MNE Custom Filters


The internship I have right now just entails me to convert the toolbox they’ve created in MATLAB to Python. Obviously didn’t know this was going to happen but It definitely has its pros and cons. Con: I spend the entire day reading the documentations of SciPy, MNE, and MATLAB’s EEG Lab. Pro: Since I don’t know jack-shit converting someone else’s badly written code to another language is right up my alley.

The code I had used a Butterworth low-pass filter instead of MNE’s inbuilt.

A little bit of research and I guess the first thing you end up on is this, where oddly enough you’re greeted with a please shoo off this is for math-geniuses only but here’s the deal:

Filtering is essential, but it can lead to severe distortions if applied incorrectly.

~ An Introduction to ERP Technique

In this blog post, we’ll look into custom filters and how we can apply it using MNE.

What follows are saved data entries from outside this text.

lemma sample_cov_altdef:
  assumes "0 < N"
  shows "sample_cov N x y = ((\<Sum>i<N. x i * y i) - (\<Sum>i<N. x i) * (\<Sum>i<N. y i) / N) / (real N - 1)"
proof -
  have shift: "(\<Sum>i<N. (x i - p) * (y i - q))
      = (\<Sum>i<N. x i * y i) - q * (\<Sum>i<N. x i) - p * (\<Sum>i<N. y i) + real N * p * q" for p q :: real
    by (simp add: algebra_simps sum.distrib sum_subtractf sum_distrib_left sum_distrib_right)
  have "(\<Sum>i<N. (x i - (\<Sum>j<N. x j) / N) * (y i - (\<Sum>j<N. y j) / N))
      = (\<Sum>i<N. x i * y i) - (\<Sum>i<N. x i) * (\<Sum>i<N. y i) / N"
    unfolding shift using assms by (simp add: field_simps)
  then show ?thesis
    unfolding sample_cov_def by simp
qed

lemma sample_cov_cong:
  assumes "\<And>i. i < N \<Longrightarrow> x i = x' i" "\<And>i. i < N \<Longrightarrow> y i = y' i"
  shows "sample_cov N x y = sample_cov N x' y'"
proof -
  have sums: "sum x {..<N} = sum x' {..<N}" "sum y {..<N} = sum y' {..<N}"
    using assms by (auto intro: sum.cong)
  show ?thesis
    unfolding sample_cov_def sums
    by (intro arg_cong2[where f = "(/)"] sum.cong) (simp_all add: assms)
qed

lemma deviation_sum:
  fixes u :: "'a \<Rightarrow> nat \<Rightarrow> real"
  shows "(\<Sum>k\<in>K. u k i) - (\<Sum>j<N. \<Sum>k\<in>K. u k j) / N = (\<Sum>k\<in>K. u k i - (\<Sum>j<N. u k j) / N)"
  by (simp add: sum.swap[of _ "{..<N}"] sum_subtractf sum_divide_distrib)

lemma sample_cov_sum:
  "sample_cov N (\<lambda>i. \<Sum>k\<in>K. x k i) (\<lambda>i. \<Sum>l\<in>L. y l i)
     = (\<Sum>k\<in>K. \<Sum>l\<in>L. sample_cov N (x k) (y l))"
  unfolding sample_cov_def deviation_sum sum_product
  by (simp add: sum.swap[of _ "{..<N}"] sum_divide_distrib)

lemma sample_cov_lincomb:
  "sample_cov N (\<lambda>i. a * x i + b * y i) (\<lambda>i. a * x i + b * y i)
     = a\<^sup>2 * sample_cov N x x + 2 * a * b * sample_cov N x y + b\<^sup>2 * sample_cov N y y"
proof -
  have centre: "a * x i + b * y i - (\<Sum>j<N. a * x j + b * y j) / N
      = a * (x i - (\<Sum>j<N. x j) / N) + b * (y i - (\<Sum>j<N. y j) / N)" for i
    by (simp add: sum.distrib sum_distrib_left add_divide_distrib algebra_simps)
  have expand: "(a * p + b * q) * (a * p + b * q)
      = a\<^sup>2 * (p * p) + 2 * a * b * (p * q) + b\<^sup>2 * (q * q)" for p q :: real
    by (simp add: power2_eq_square algebra_simps)
  show ?thesis
    unfolding sample_cov_def centre expand
    by (simp only: sum.distrib sum_distrib_left[symmetric] add_divide_distrib times_divide_eq_right)
qed
lemma tf_omp_fails_imp_late_small_ratio:
  assumes e: "e \<in> carrier_vec n" and small: "sq_norm e < noise_level" and kmax: "k0 < kmax"
    and fails: "tf_omp_fails X (signal + e) kmax I"
  shows "\<exists>k. k0 < k \<and> k \<le> kmax - 1 \<and> tf_ratio X (signal + e) k \<le> 4 * sq_norm e / min_clean_resid"
proof -
  obtain k where ks: "tf_kstar X (signal + e) kmax k" and est: "tf_omp_est X (signal + e) kmax k \<noteq> I"
    using fails unfolding tf_omp_fails_def by blast
  have k: "1 \<le> k" "k \<le> kmax - 1"
    and kmin: "\<forall>k'\<in>{1..kmax - 1}. tf_ratio X (signal + e) k \<le> tf_ratio X (signal + e) k'"
    using ks unfolding tf_kstar_def by auto
  have "k \<noteq> k0"
    using est omp_idx_recovers[OF e below_noise_level(1)[OF small]] take_omp_indices[of k kmax] k
    unfolding tf_omp_est_def by auto
  moreover have le: "tf_ratio X (signal + e) k \<le> 4 * sq_norm e / min_clean_resid"
    using kmin k0_pos kmax tf_ratio_at_recovery_le[OF e small] by force
  moreover have "\<not> k < k0"
    using tf_ratio_before_recovery_ge[OF e small k(1)] le below_noise_level(3)[OF small] by force
  ultimately show ?thesis using k by (intro exI[of _ k]) auto
qed

section \<open>Scale invariance after recovery\<close>

text \<open>Once \<open>I\<close> is selected, \<open>X \<beta>\<close> is projected away and every residual is linear in the noise, so
  multiplying the noise by \<open>c > 0\<close> multiplies the residuals by \<open>c\<close> and leaves the later selections
  and the ratios \<open>t(k)\<close>, \<open>k > k\<^sub>0\<close>, unchanged.\<close>

lemma omp_resid_smult_noise:
  assumes e: "e \<in> carrier_vec n"
    and reg1: "proj_regular X js1" and reg2: "proj_regular X js2" and S: "set js1 = set js2" and IS: "I \<subseteq> set js1"
  shows "omp_resid X (signal + c \<cdot>\<^sub>v e) js2 = c \<cdot>\<^sub>v omp_resid X (signal + e) js1"
proof -
  have span: "in_col_span X (set js1) signal" using in_col_span_subset[OF signal_in_span IS] by simp
  have z1: "omp_resid X signal js1 = 0\<^sub>v n" using omp_resid_in_span_eq_0[OF reg1 _ span] signal_carrier by simp
  have z2: "omp_resid X signal js2 = 0\<^sub>v n" using omp_resid_in_span_eq_0[OF reg2 _] span S signal_carrier by simp
  have r1: "omp_resid X e js1 \<in> carrier_vec n" and r2: "omp_resid X (c \<cdot>\<^sub>v e) js2 \<in> carrier_vec n"
    using omp_resid_carrier[of e X] omp_resid_carrier[of "c \<cdot>\<^sub>v e" X] e by auto
  have "omp_resid X (signal + c \<cdot>\<^sub>v e) js2 = omp_resid X (c \<cdot>\<^sub>v e) js2"
    using omp_resid_add[of signal X "c \<cdot>\<^sub>v e"] signal_carrier e z2 r2 by simp
  also have "\<dots> = c \<cdot>\<^sub>v omp_resid X e js1"
    using omp_resid_smult[of e X c js2] omp_resid_set_cong[OF reg2 reg1 S[symmetric], of e] e by simp
  also have "omp_resid X e js1 = omp_resid X (signal + e) js1"
    using omp_resid_add[of signal X e] signal_carrier e z1 r1 by simp
  finally show ?thesis .
qed
(* Let $P,Q$ be probability distributions on the same finite sample space with $S(P\|Q)\le c$. Then for all $r>1$ there exist probability distributions $P',P''$ on that sample space such that $\|P-P'\|_1\le \frac{2}{r}$ and $Q=\alpha P'+(1-\alpha)P''$, where $\alpha:=\frac{r-1}{r\,2^{r(c+1)}}$.
   Context: $S(P\|Q):=\sum_i P(i)\log_2\frac{P(i)}{Q(i)}$ is the relative entropy, and $\|P-P'\|_1:=\sum_i|P(i)-P'(i)|$ is the total variation distance. *)

theory Defs
  imports "HOL-Analysis.Analysis" "HOL-Library.Extended_Real"
begin

definition is_distr :: "('a::finite \<Rightarrow> real) \<Rightarrow> bool" where
  "is_distr P \<longleftrightarrow> (\<forall>i. P i \<ge> 0) \<and> (\<Sum>i\<in>UNIV. P i) = 1"

definition rel_entropy :: "('a::finite \<Rightarrow> real) \<Rightarrow> ('a \<Rightarrow> real) \<Rightarrow> ereal" where
  "rel_entropy P Q =
     (if \<exists>i. P i > 0 \<and> Q i = 0 then \<infinity>
      else ereal (\<Sum>i\<in>{i. P i > 0}. P i * log 2 (P i / Q i)))"

definition tv_norm :: "('a::finite \<Rightarrow> real) \<Rightarrow> ('a \<Rightarrow> real) \<Rightarrow> real" where
  "tv_norm P P' = (\<Sum>i\<in>UNIV. \<bar>P i - P' i\<bar>)"

end

theory Submission
  imports Defs
begin

text \<open>Let \<open>K = 2 powr (r (c + 1))\<close> and let \<open>B\<close> be the set where the likelihood ratio
  \<open>P i / Q i\<close> exceeds \<open>K\<close>. On \<open>B\<close> each term of the relative entropy exceeds \<open>P i r (c + 1)\<close>,
  while the remaining terms sum to at least \<open>-1\<close>; hence \<open>P(B) \<le> 1/r\<close>. Conditioning \<open>P\<close> on
  the complement of \<open>B\<close> moves it by \<open>2 P(B) \<le> 2/r\<close> in total variation, and the conditioned
  distribution is bounded by \<open>K Q / (1 - P(B))\<close>, so \<open>\<alpha>\<close> times it is dominated by \<open>Q\<close>; the
  rest of \<open>Q\<close>, rescaled, is the distribution \<open>P''\<close>.\<close>

definition cond_distr :: "('a::finite \<Rightarrow> real) \<Rightarrow> 'a set \<Rightarrow> 'a \<Rightarrow> real" where
  "cond_distr P S i = (if i \<in> S then P i / sum P S else 0)"

lemma is_distr_cond_distr:
  assumes "is_distr P" and "sum P S > 0"
  shows "is_distr (cond_distr P S)"
proof -
  have "(\<Sum>i\<in>UNIV. cond_distr P S i) = (\<Sum>i\<in>S. P i / sum P S)"
    by (simp add: cond_distr_def sum.If_cases)
  also have "\<dots> = 1"
    using assms(2) by (simp add: sum_divide_distrib[symmetric])
  finally show ?thesis
    using assms by (auto simp: is_distr_def cond_distr_def)
qed

lemma sum_Compl_distr:
  assumes "is_distr P"
  shows "sum P (- S) = 1 - sum P S"
  using assms sum.subset_diff[of S UNIV P] by (simp add: is_distr_def Compl_eq_Diff_UNIV)

lemma tv_norm_cond_distr:
  assumes "is_distr P" and "sum P S > 0"
  shows "tv_norm P (cond_distr P S) = 2 * (1 - sum P S)"
proof -
  have P0: "\<And>i. P i \<ge> 0" and P1: "sum P UNIV = 1"
    using assms(1) by (auto simp: is_distr_def)
  have "sum P S \<le> 1"
    using P1 sum_mono2[of UNIV S P] P0 by auto
  have "\<bar>P i - P i / sum P S\<bar> = P i / sum P S - P i" if "i \<in> S" for i
  proof -
    have "P i * sum P S \<le> P i"
      using P0 \<open>sum P S \<le> 1\<close> by (simp add: mult_left_le)
    hence "P i \<le> P i / sum P S"
      using assms(2) by (simp add: le_divide_eq)
    thus ?thesis by simp
  qed
  hence "tv_norm P (cond_distr P S) = (\<Sum>i\<in>S. P i / sum P S - P i) + sum P (- S)"
    unfolding tv_norm_def cond_distr_def using P0
    by (simp add: if_distrib[of "\<lambda>x. \<bar>P _ - x\<bar>"] sum.If_cases Compl_eq_Diff_UNIV)
  also have "\<dots> = 2 * (1 - sum P S)"
    using assms(2) sum_Compl_distr[OF assms(1)] by (simp add: sum_subtractf sum_divide_distrib[symmetric])
  finally show ?thesis .
qed

lemma cond_distr_le_ratio_bound:
  assumes "\<forall>i\<in>S. P i \<le> K * Q i" and "K > 0" and "sum P S > 0" and "\<forall>i. Q i \<ge> 0"
  shows "sum P S / K * cond_distr P S i \<le> Q i"
  using assms by (cases "i \<in> S") (auto simp: cond_distr_def field_simps)

lemma ex_mixture_decomposition:
  assumes "is_distr Q" and "is_distr P'" and "\<alpha> < 1" and "\<forall>i. \<alpha> * P' i \<le> Q i"
  shows "\<exists>P''. is_distr P'' \<and> (\<forall>i. Q i = \<alpha> * P' i + (1 - \<alpha>) * P'' i)"
proof -
  define P'' where "P'' i = (Q i - \<alpha> * P' i) / (1 - \<alpha>)" for i
  have "sum P'' UNIV = (sum Q UNIV - \<alpha> * sum P' UNIV) / (1 - \<alpha>)"
    by (simp add: P''_def sum_divide_distrib[symmetric] sum_subtractf sum_distrib_left)
  hence "is_distr P''"
    using assms by (simp add: is_distr_def P''_def)
  moreover have "\<forall>i. Q i = \<alpha> * P' i + (1 - \<alpha>) * P'' i"
    using assms(3) by (simp add: P''_def)
  ultimately show ?thesis by blast
qed

lemma mult_log2_div_ge_neg:
  fixes p q :: real
  assumes "p > 0" and "q > 0"
  shows "- q \<le> p * log 2 (p / q)"
proof -
  \<comment> \<open>\<open>ln x \<ge> 1 - 1/x\<close> at \<open>x = 2p/q\<close> rather than \<open>p/q\<close>: this gains \<open>p (1 - ln 2) \<ge> 0\<close>.\<close>
  have "1 - q / (2 * p) \<le> ln (2 * p / q)"
    using ln_le_minus_one[of "q / (2 * p)"] assms by (simp add: ln_div)
  hence "p - q / 2 \<le> p * ln (2 * p / q)"
    using mult_left_mono[of _ _ p] assms by (fastforce simp: right_diff_distrib)
  moreover have "ln (2 * p / q) = ln 2 + ln (p / q)"
    using assms ln_mult[of 2 "p / q"] by simp
  moreover have "p * ln 2 \<le> p"
    using ln_2_less_1 assms by simp
  ultimately have "- q / 2 \<le> p * ln (p / q)"
    by (simp add: algebra_simps)
  moreover have "1 / 2 \<le> ln (2::real)"
    using ln_le_minus_one[of "1 / 2"] by (simp add: ln_div)
  hence "0 \<le> q * (ln 2 - 1 / 2)"
    using assms by simp
  ultimately have "- (q * ln 2) \<le> p * ln (p / q)"
    by (simp add: algebra_simps)
  thus ?thesis
    using assms by (simp add: log_def field_simps)
qed

lemma rel_entropy_le_ereal_D:
  assumes "\<forall>i. Q i \<ge> 0" and "rel_entropy P Q \<le> ereal c"
  shows "\<forall>i. P i > 0 \<longrightarrow> Q i > 0"
    and "(\<Sum>i | P i > 0. P i * log 2 (P i / Q i)) \<le> c"
  using assms by (auto simp: rel_entropy_def less_le split: if_splits)

lemma partial_rel_entropy_ge_minus_one:
  assumes "is_distr Q" and "\<forall>i\<in>S. P i > 0 \<and> Q i > 0"
  shows "-1 \<le> (\<Sum>i\<in>S. P i * log 2 (P i / Q i))"
proof -
  have "- sum Q UNIV \<le> - sum Q S"
    using assms(1) sum_mono2[of UNIV S Q] by (auto simp: is_distr_def)
  also have "\<dots> \<le> (\<Sum>i\<in>S. P i * log 2 (P i / Q i))"
    using assms(2) mult_log2_div_ge_neg by (auto simp: sum_negf[symmetric] intro: sum_mono)
  finally show ?thesis
    using assms(1) by (simp add: is_distr_def)
qed

lemma rel_entropy_le_ereal_ge_minus_one:
  assumes "is_distr Q" and "rel_entropy P Q \<le> ereal c"
  shows "-1 \<le> c"
  using partial_rel_entropy_ge_minus_one[OF assms(1), of "{i. P i > 0}" P]
    rel_entropy_le_ereal_D[of Q P c] assms by (auto simp: is_distr_def)

lemma mass_above_likelihood_ratio:
  assumes "is_distr P" and "is_distr Q" and "rel_entropy P Q \<le> ereal c"
    and B: "B = {i. 2 powr t * Q i < P i}" and "B \<noteq> {}"
  shows "t * sum P B < c + 1"
proof -
  let ?f = "\<lambda>i. P i * log 2 (P i / Q i)"
  define A where "A = {i. P i > 0}"
  have Q0: "\<forall>i. Q i \<ge> 0"
    using assms(2) by (simp add: is_distr_def)
  note support = rel_entropy_le_ereal_D[OF Q0 assms(3)]
  have BA: "B \<subseteq> A"
    using Q0 by (auto simp: B A_def intro: le_less_trans[rotated])
  have "t * sum P B = (\<Sum>i\<in>B. P i * t)"
    by (simp add: sum_distrib_left mult.commute)
  also have "\<dots> < sum ?f B"
  proof (rule sum_strict_mono)
    fix i assume "i \<in> B"
    hence "P i > 0" "Q i > 0" "2 powr t < P i / Q i"
      using BA support(1) by (auto simp: A_def B field_simps)
    hence "t < log 2 (P i / Q i)"
      by (metis less_log_iff one_less_numeral_iff semiring_norm(76) zero_less_divide_iff)
    thus "P i * t < ?f i"
      using \<open>P i > 0\<close> by simp
  qed (use assms(5) in auto)
  also have "\<dots> \<le> sum ?f A + 1"
    using partial_rel_entropy_ge_minus_one[OF assms(2), of "A - B" P] support(1)
      sum.subset_diff[OF BA, of ?f] by (auto simp: A_def)
  also have "\<dots> \<le> c + 1"
    using support(2) by (simp add: A_def)
  finally show ?thesis .
qed

lemma mass_above_ratio_bound_lt_one:
  assumes "is_distr P" and "is_distr Q" and "rel_entropy P Q \<le> ereal c" and "r > 1"
  shows "r * sum P {i. 2 powr (r * (c + 1)) * Q i < P i} < 1"
proof (cases "{i. 2 powr (r * (c + 1)) * Q i < P i} = {}")
  case False
  hence "r * (c + 1) * sum P {i. 2 powr (r * (c + 1)) * Q i < P i} < c + 1"
    by (rule mass_above_likelihood_ratio[OF assms(1-3) refl])
  hence "(c + 1) * (r * sum P {i. 2 powr (r * (c + 1)) * Q i < P i}) < (c + 1) * 1"
    by (simp add: mult_ac)
  moreover have "-1 \<le> c"
    using rel_entropy_le_ereal_ge_minus_one assms(2,3) .
  ultimately show ?thesis
    using mult_less_cancel_left[of "c + 1" _ 1] by fastforce
qed simp

theorem mainTheorem3:
  fixes P Q :: "'a::finite \<Rightarrow> real" and c r :: real
  assumes "is_distr P" and "is_distr Q"
    and "rel_entropy P Q \<le> ereal c"
    and "r > 1"
  shows "\<exists>P' P''. is_distr P' \<and> is_distr P'' \<and> tv_norm P P' \<le> 2 / r \<and>
     (let \<alpha> = (r - 1) / (r * 2 powr (r * (c + 1)))
      in \<forall>i. Q i = \<alpha> * P' i + (1 - \<alpha>) * P'' i)"
proof -
  define K where "K = 2 powr (r * (c + 1))"
  define B where "B = {i. K * Q i < P i}"
  define \<alpha> where "\<alpha> = (r - 1) / (r * K)"
  have "-1 \<le> c"
    using rel_entropy_le_ereal_ge_minus_one assms(2,3) .
  have "r * sum P B < 1"
    using mass_above_ratio_bound_lt_one[OF assms] by (simp add: B_def K_def)
  hence "sum P B < 1 / r" and "1 / r < 1"
    using assms(4) by (simp_all add: field_simps)
  moreover have "sum P B \<ge> 0"
    using assms(1) by (simp add: is_distr_def sum_nonneg)
  ultimately have compl_pos: "sum P (- B) > 0" and tv: "2 * (1 - sum P (- B)) \<le> 2 / r"
    using sum_Compl_distr[OF assms(1), of B] by auto
  have "1 \<le> K"
    using \<open>-1 \<le> c\<close> assms(4) by (simp add: K_def ge_one_powr_ge_zero)
  have \<alpha>_K: "\<alpha> * K = 1 - 1 / r"
    using assms(4) \<open>1 \<le> K\<close> by (simp add: \<alpha>_def field_simps)
  have "\<alpha> \<ge> 0"
    using assms(4) \<open>1 \<le> K\<close> by (simp add: \<alpha>_def)
  moreover have "\<alpha> * K < 1"
    using \<alpha>_K assms(4) by simp
  ultimately have "\<alpha> < 1"
    using \<open>1 \<le> K\<close> mult_left_mono[of 1 K \<alpha>] by linarith
  have "\<alpha> \<le> sum P (- B) / K"
    using \<alpha>_K \<open>1 \<le> K\<close> \<open>sum P B < 1 / r\<close> sum_Compl_distr[OF assms(1), of B]
    by (simp add: field_simps)
  have "\<forall>i. \<alpha> * cond_distr P (- B) i \<le> Q i"
  proof
    fix i
    have "\<alpha> * cond_distr P (- B) i \<le> sum P (- B) / K * cond_distr P (- B) i"
      using \<open>\<alpha> \<le> sum P (- B) / K\<close> is_distr_cond_distr[OF assms(1) compl_pos]
      by (intro mult_right_mono) (simp_all add: is_distr_def)
    also have "\<dots> \<le> Q i"
      using assms(2) compl_pos \<open>1 \<le> K\<close>
      by (intro cond_distr_le_ratio_bound) (auto simp: B_def is_distr_def not_less)
    finally show "\<alpha> * cond_distr P (- B) i \<le> Q i" .
  qed
  then obtain P'' where "is_distr P''" "\<forall>i. Q i = \<alpha> * cond_distr P (- B) i + (1 - \<alpha>) * P'' i"
    using ex_mixture_decomposition[OF assms(2) is_distr_cond_distr[OF assms(1) compl_pos]]
      \<open>\<alpha> < 1\<close> by blast
  thus ?thesis
    using is_distr_cond_distr[OF assms(1) compl_pos] tv_norm_cond_distr[OF assms(1) compl_pos] tv
    unfolding Let_def \<alpha>_def K_def by (intro exI[of _ "cond_distr P (- B)"] exI[of _ P'']) simp
qed

end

The problem with using one of MNE’s inbuilt filters is that the roll-off is actually quite steep and this is quite visible

before low-pass
Before the low-pass filter
after low-pass
Before the low-pass filter
separate signals

Edge artifacts can be created when the cutoff frequency is low (for both low- and high- pass filters) and when the roll-off is steep, because these factors require the use of more time points to compute the filtered data. Edge artifacts are not a problem when you have a long continuous EEG as the edge artifact will only be a very small part of it. Now it’s usually fine to apply low-pass filters to epoched EEG or averaged ERPs, but high-pass filters should usually be applied to the continuous EEG.

IIR or FIR?

IIR filters (e.g., Butterworth filters) do not need to use as many time points as FIR filters. Consequently, it can be advantageous to use an infinite impulse response filter when you are filtering epoched EEG data or averaged ERP data. For this reason, ERPLAB Toolbox mainly implements Butterworth filters.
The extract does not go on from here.